# PROBLEM DESCRIPTION
Your response should contain each line of the data that includes "forall".

----- RECORDS FOR THIS TASK

lemma strict_mono_Neg_inv_unique:
  assumes "\<tau> \<in> Bgrp m" "\<tau>' \<in> Bgrp m"
    and "strict_mono_on {1..int m} \<tau>" "strict_mono_on {1..int m} \<tau>'"
    and "Neg m (inv \<tau>) = Neg m (inv \<tau>')"
  shows "\<tau> = \<tau>'"
proof -
  define u where "u = inv \<tau> \<circ> \<tau>'"
  have u: "u \<in> Sgrp m" unfolding u_def by (rule inv_comp_Sgrp_if_Neg_inv_eq[OF assms(1,2,5)])
  have \<tau>_u: "\<tau> \<circ> u = \<tau>'" by (simp add: u_def fun_eq_iff Bgrp_inverses(1)[OF assms(1)])
  have "strict_mono_on {1..int m} u"
  proof (rule strict_mono_onI)
    fix p q assume pq: "p \<in> {1..int m}" "q \<in> {1..int m}" "p < q"
    then have "\<tau> (u p) < \<tau> (u q)" using strict_mono_onD[OF assms(4)] \<tau>_u by auto
    then show "u p < u q"
      using strict_mono_on_less[OF assms(3) Sgrp_atLeastAtMost[OF u pq(1)] Sgrp_atLeastAtMost[OF u pq(2)]]
      by simp
  qed
  then have "u = id" by (rule Sgrp_eq_id_if_strict_mono[OF u])
  then show ?thesis using \<tau>_u by simp
qed

definition pos_part :: "(int \<Rightarrow> int) \<Rightarrow> int \<Rightarrow> int" where
  "pos_part u x = (if 0 < x then u x else x)"

lemma Agrp_iff: "u \<in> Agrp m \<longleftrightarrow> u \<in> Sgrp m \<and> evenperm (pos_part u)"
  by (simp add: Agrp_def pos_part_def[abs_def])

lemma Lset_iff: "\<sigma> \<in> Lset m \<longleftrightarrow> \<sigma> \<in> Bgrp m \<and> evenperm (pos_part (absperm \<sigma>))"
  using absperm_Sgrp by (auto simp: Lset_def Agrp_iff)

lemma pos_part_comp: "u \<in> Sgrp m \<Longrightarrow> pos_part (v \<circ> u) = pos_part v \<circ> pos_part u"
  by (simp add: fun_eq_iff pos_part_def Sgrp_pos_iff)

lemma permutation_pos_part:
  assumes "u \<in> Sgrp m"
  shows "permutation (pos_part u)"
proof -
  have "bij_betw (pos_part u) {1..int m} {1..int m}"
  proof (rule bij_betw_byWitness[where f' = "pos_part (inv u)"])
    show "\<forall>x\<in>{1..int m}. pos_part (inv u) (pos_part u x) = x"
      and "\<forall>x\<in>{1..int m}. pos_part u (pos_part (inv u) x) = x"
      by (simp_all add: pos_part_def Sgrp_pos_iff[OF assms] Sgrp_pos_iff[OF Sgrp_inv[OF assms]]
          Bgrp_inverses[OF Sgrp_Bgrp[OF assms]])
    show "pos_part u ` {1..int m} \<subseteq> {1..int m}" "pos_part (inv u) ` {1..int m} \<subseteq> {1..int m}"
      using Sgrp_atLeastAtMost[OF assms] Sgrp_atLeastAtMost[OF Sgrp_inv[OF assms]]
      by (auto simp: pos_part_def simp del: atLeastAtMost_iff)
  qed
  moreover have "pos_part u x = x" if "x \<notin> {1..int m}" for x
    using that Bgrp_fixes[OF Sgrp_Bgrp[OF assms], of x] by (auto simp: pos_part_def signset_iff)
  ultimately have "pos_part u permutes {1..int m}" by (rule bij_imp_permutes)
  then show ?thesis using permutation_permutes by blast
qed

lemma evenperm_pos_part_absperm_comp:
  assumes "\<sigma> \<in> Bgrp m" "u \<in> Sgrp m"
  shows "evenperm (pos_part (absperm (\<sigma> \<circ> u))) \<longleftrightarrow> (evenperm (pos_part (absperm \<sigma>)) \<longleftrightarrow> evenperm (pos_part u))"
  unfolding absperm_comp_Sgrp[OF assms(2)] pos_part_comp[OF assms(2)]
  by (rule evenperm_comp[OF permutation_pos_part[OF absperm_Sgrp[OF assms(1)]] permutation_pos_part[OF assms(2)]])

lemma Lset_comp_Agrp: "\<sigma> \<in> Lset m \<Longrightarrow> u \<in> Agrp m \<Longrightarrow> \<sigma> \<circ> u \<in> Lset m"
  using evenperm_pos_part_absperm_comp by (auto simp: Lset_iff Agrp_iff intro: Bgrp_comp Sgrp_Bgrp)

lemma Agrp_if_Lset_comp: "\<sigma> \<in> Lset m \<Longrightarrow> \<sigma> \<circ> u \<in> Lset m \<Longrightarrow> u \<in> Sgrp m \<Longrightarrow> u \<in> Agrp m"
  using evenperm_pos_part_absperm_comp by (auto simp: Lset_iff Agrp_iff)

lemma Lset_comp_sgen1_iff:
  assumes "\<sigma> \<in> Bgrp m" "2 \<le> m"
  shows "\<sigma> \<circ> sgen 1 \<in> Lset m \<longleftrightarrow> \<sigma> \<notin> Lset m"
proof -
  have s1: "sgen 1 \<in> Sgrp m" using assms(2) by (intro sgen_Sgrp) auto
  have "pos_part (sgen 1) = Transposition.transpose 1 2"
    by (auto simp: fun_eq_iff pos_part_def sgen_def Transposition.transpose_def)
  then have "\<not> evenperm (pos_part (sgen 1))" by (simp add: evenperm_swap)
  then show ?thesis
    using evenperm_pos_part_absperm_comp[OF assms(1) s1] Bgrp_comp[OF assms(1) Sgrp_Bgrp[OF s1]] assms(1)
    by (auto simp: Lset_iff)
qed

section \<open>The decomposition of \<open>L_m\<close>\<close>

lemma eq_or_eq_comp_sgen1_if_Neg_inv_eq:
  assumes "2 \<le> m" "\<tau> \<in> Bgrp m" "strict_mono_on {1..int m} \<tau>"
    and "\<sigma> \<in> Bgrp m" "strict_mono_on {1..int m} \<sigma> \<or> strict_mono_on {1..int m} (\<sigma> \<circ> sgen 1)"
    and "Neg m (inv \<sigma>) = Neg m (inv \<tau>)"
  shows "\<sigma> = \<tau> \<or> \<sigma> = \<tau> \<circ> sgen 1"
  using assms(5)
proof
  assume "strict_mono_on {1..int m} \<sigma>"
  then show ?thesis using strict_mono_Neg_inv_unique[OF assms(2,4,3)] assms(6) by simp
next
  assume mono: "strict_mono_on {1..int m} (\<sigma> \<circ> sgen 1)"
  have s1: "sgen 1 \<in> Sgrp m" using assms(1) by (intro sgen_Sgrp) auto
  have "Neg m (inv \<tau>) = Neg m (inv (\<sigma> \<circ> sgen 1))"
    using Neg_inv_comp_Sgrp[OF assms(4) s1] assms(6) by simp
  then have "\<tau> = \<sigma> \<circ> sgen 1"
    by (rule strict_mono_Neg_inv_unique[OF assms(2) Bgrp_comp[OF assms(4) Sgrp_Bgrp[OF s1]] assms(3) mono])
  then show ?thesis by (simp add: comp_sgen_sgen)
qed

lemma ex1_Lset_Neg_inv:
  assumes "2 \<le> m" "B \<subseteq> {1..int m}"
  shows "\<exists>!\<sigma>. \<sigma> \<in> Lset m \<and> (strict_mono_on {1..int m} \<sigma> \<or> strict_mono_on {1..int m} (\<sigma> \<circ> sgen 1))
    \<and> B = Neg m (inv \<sigma>)"
proof -
  obtain \<tau> where \<tau>: "\<tau> \<in> Bgrp m" "strict_mono_on {1..int m} \<tau>" "Neg m (inv \<tau>) = B"
    using ex_strict_mono_Neg_inv[OF assms(2)] by blast
  have s1: "sgen 1 \<in> Sgrp m" using assms(1) by (intro sgen_Sgrp) auto
  have \<tau>_s1: "Neg m (inv (\<tau> \<circ> sgen 1)) = B" "\<tau> \<circ> sgen 1 \<circ> sgen 1 = \<tau>"
    using Neg_inv_comp_Sgrp[OF \<tau>(1) s1] \<tau>(3) by (simp_all add: comp_sgen_sgen)
  have parity: "\<tau> \<circ> sgen 1 \<in> Lset m \<longleftrightarrow> \<tau> \<notin> Lset m"
    by (rule Lset_comp_sgen1_iff[OF \<tau>(1) assms(1)])
  show ?thesis
  proof (rule ex_ex1I)
    show "\<exists>\<sigma>. \<sigma> \<in> Lset m \<and> (strict_mono_on {1..int m} \<sigma> \<or> strict_mono_on {1..int m} (\<sigma> \<circ> sgen 1))
      \<and> B = Neg m (inv \<sigma>)"
      using \<tau> \<tau>_s1 parity by metis
  next
    fix \<sigma> \<sigma>'
    assume "\<sigma> \<in> Lset m \<and> (strict_mono_on {1..int m} \<sigma> \<or> strict_mono_on {1..int m} (\<sigma> \<circ> sgen 1))
        \<and> B = Neg m (inv \<sigma>)"
      and "\<sigma>' \<in> Lset m \<and> (strict_mono_on {1..int m} \<sigma>' \<or> strict_mono_on {1..int m} (\<sigma>' \<circ> sgen 1))
        \<and> B = Neg m (inv \<sigma>')"
    then show "\<sigma> = \<sigma>'"
      using eq_or_eq_comp_sgen1_if_Neg_inv_eq[OF assms(1) \<tau>(1,2), of \<sigma>]
        eq_or_eq_comp_sgen1_if_Neg_inv_eq[OF assms(1) \<tau>(1,2), of \<sigma>'] \<tau>(3) parity
      by (auto simp: Lset_def)
  qed
qed

lemma Lset_Neg_inv_subset_eq_UN:
  assumes "T \<subseteq> Lset m" and unique: "\<And>B. B \<subseteq> {1..int m} \<Longrightarrow> \<exists>!\<sigma>. \<sigma> \<in> T \<and> B = Neg m (inv \<sigma>)"
  shows "{\<pi> \<in> Lset m. Neg m (inv \<pi>) \<subseteq> B} = (\<Union>u \<in> Agrp m. {\<sigma> \<circ> u | \<sigma>. \<sigma> \<in> T \<and> Neg m (inv \<sigma>) \<subseteq> B})"
proof (intro equalityI subsetI)
  fix \<pi> assume "\<pi> \<in> {\<pi> \<in> Lset m. Neg m (inv \<pi>) \<subseteq> B}"
  then have \<pi>: "\<pi> \<in> Lset m" "\<pi> \<in> Bgrp m" "Neg m (inv \<pi>) \<subseteq> B" by (auto simp: Lset_def)
  obtain \<sigma> where \<sigma>: "\<sigma> \<in> T" "Neg m (inv \<pi>) = Neg m (inv \<sigma>)"
    using unique[OF Neg_subset] by blast
  then have \<sigma>_L: "\<sigma> \<in> Lset m" and \<sigma>_B: "\<sigma> \<in> Bgrp m" using assms(1) by (auto simp: Lset_def)
  define u where "u = inv \<sigma> \<circ> \<pi>"
  have "u \<in> Sgrp m" unfolding u_def by (rule inv_comp_Sgrp_if_Neg_inv_eq[OF \<sigma>_B \<pi>(2) \<sigma>(2)[symmetric]])
  moreover have "\<pi> = \<sigma> \<circ> u"
    by (simp add: u_def o_assoc permutes_inv_o(1)[OF Bgrp_permutes[OF \<sigma>_B]])
  ultimately have "u \<in> Agrp m" using Agrp_if_Lset_comp[OF \<sigma>_L] \<pi>(1) by simp
  then show "\<pi> \<in> (\<Union>u \<in> Agrp m. {\<sigma> \<circ> u | \<sigma>. \<sigma> \<in> T \<and> Neg m (inv \<sigma>) \<subseteq> B})"
    using \<open>\<pi> = \<sigma> \<circ> u\<close> \<sigma> \<pi>(3) by auto
next
  fix \<pi> assume "\<pi> \<in> (\<Union>u \<in> Agrp m. {\<sigma> \<circ> u | \<sigma>. \<sigma> \<in> T \<and> Neg m (inv \<sigma>) \<subseteq> B})"
  then obtain u \<sigma> where "u \<in> Agrp m" "\<sigma> \<in> T" "Neg m (inv \<sigma>) \<subseteq> B" "\<pi> = \<sigma> \<circ> u" by blast
  moreover have "\<sigma> \<in> Lset m" "\<sigma> \<in> Bgrp m" "u \<in> Sgrp m"
    using calculation assms(1) by (auto simp: Lset_def Agrp_iff)
  ultimately show "\<pi> \<in> {\<pi> \<in> Lset m. Neg m (inv \<pi>) \<subseteq> B}"
    using Lset_comp_Agrp Neg_inv_comp_Sgrp by auto
qed

lemma disjoint_family_on_comp_Agrp:
  assumes "T \<subseteq> Bgrp m" and unique: "\<And>B. B \<subseteq> {1..int m} \<Longrightarrow> \<exists>!\<sigma>. \<sigma> \<in> T \<and> B = Neg m (inv \<sigma>)"
  shows "disjoint_family_on (\<lambda>u. {\<sigma> \<circ> u | \<sigma>. \<sigma> \<in> T \<and> P \<sigma>}) (Agrp m)"
  unfolding disjoint_family_on_def
proof (intro ballI impI, rule ccontr)
  fix u u' assume u: "u \<in> Agrp m" "u' \<in> Agrp m" "u \<noteq> u'"
    and "{\<sigma> \<circ> u | \<sigma>. \<sigma> \<in> T \<and> P \<sigma>} \<inter> {\<sigma> \<circ> u' | \<sigma>. \<sigma> \<in> T \<and> P \<sigma>} \<noteq> {}"
  then obtain \<sigma> \<sigma>' where \<sigma>: "\<sigma> \<in> T" "\<sigma>' \<in> T" "\<sigma> \<circ> u = \<sigma>' \<circ> u'" by blast
  have "u \<in> Sgrp m" "u' \<in> Sgrp m" using u by (simp_all add: Agrp_iff)
  then have "Neg m (inv \<sigma>) = Neg m (inv \<sigma>')"
    using Neg_inv_comp_Sgrp \<sigma> assms(1) by (metis subsetD)
  then have "\<sigma> = \<sigma>'" using unique[OF Neg_subset] \<sigma>(1,2) by blast
  then have "inv \<sigma> \<circ> (\<sigma> \<circ> u) = inv \<sigma> \<circ> (\<sigma> \<circ> u')" using \<sigma>(3) by simp
  then show False
    using u(3) \<sigma>(1) assms(1) by (auto simp: o_assoc permutes_inv_o(2)[OF Bgrp_permutes])
qed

----------

# RESPONSE
    show "\<forall>x\<in>{1..int m}. pos_part (inv u) (pos_part u x) = x"
      and "\<forall>x\<in>{1..int m}. pos_part u (pos_part (inv u) x) = x"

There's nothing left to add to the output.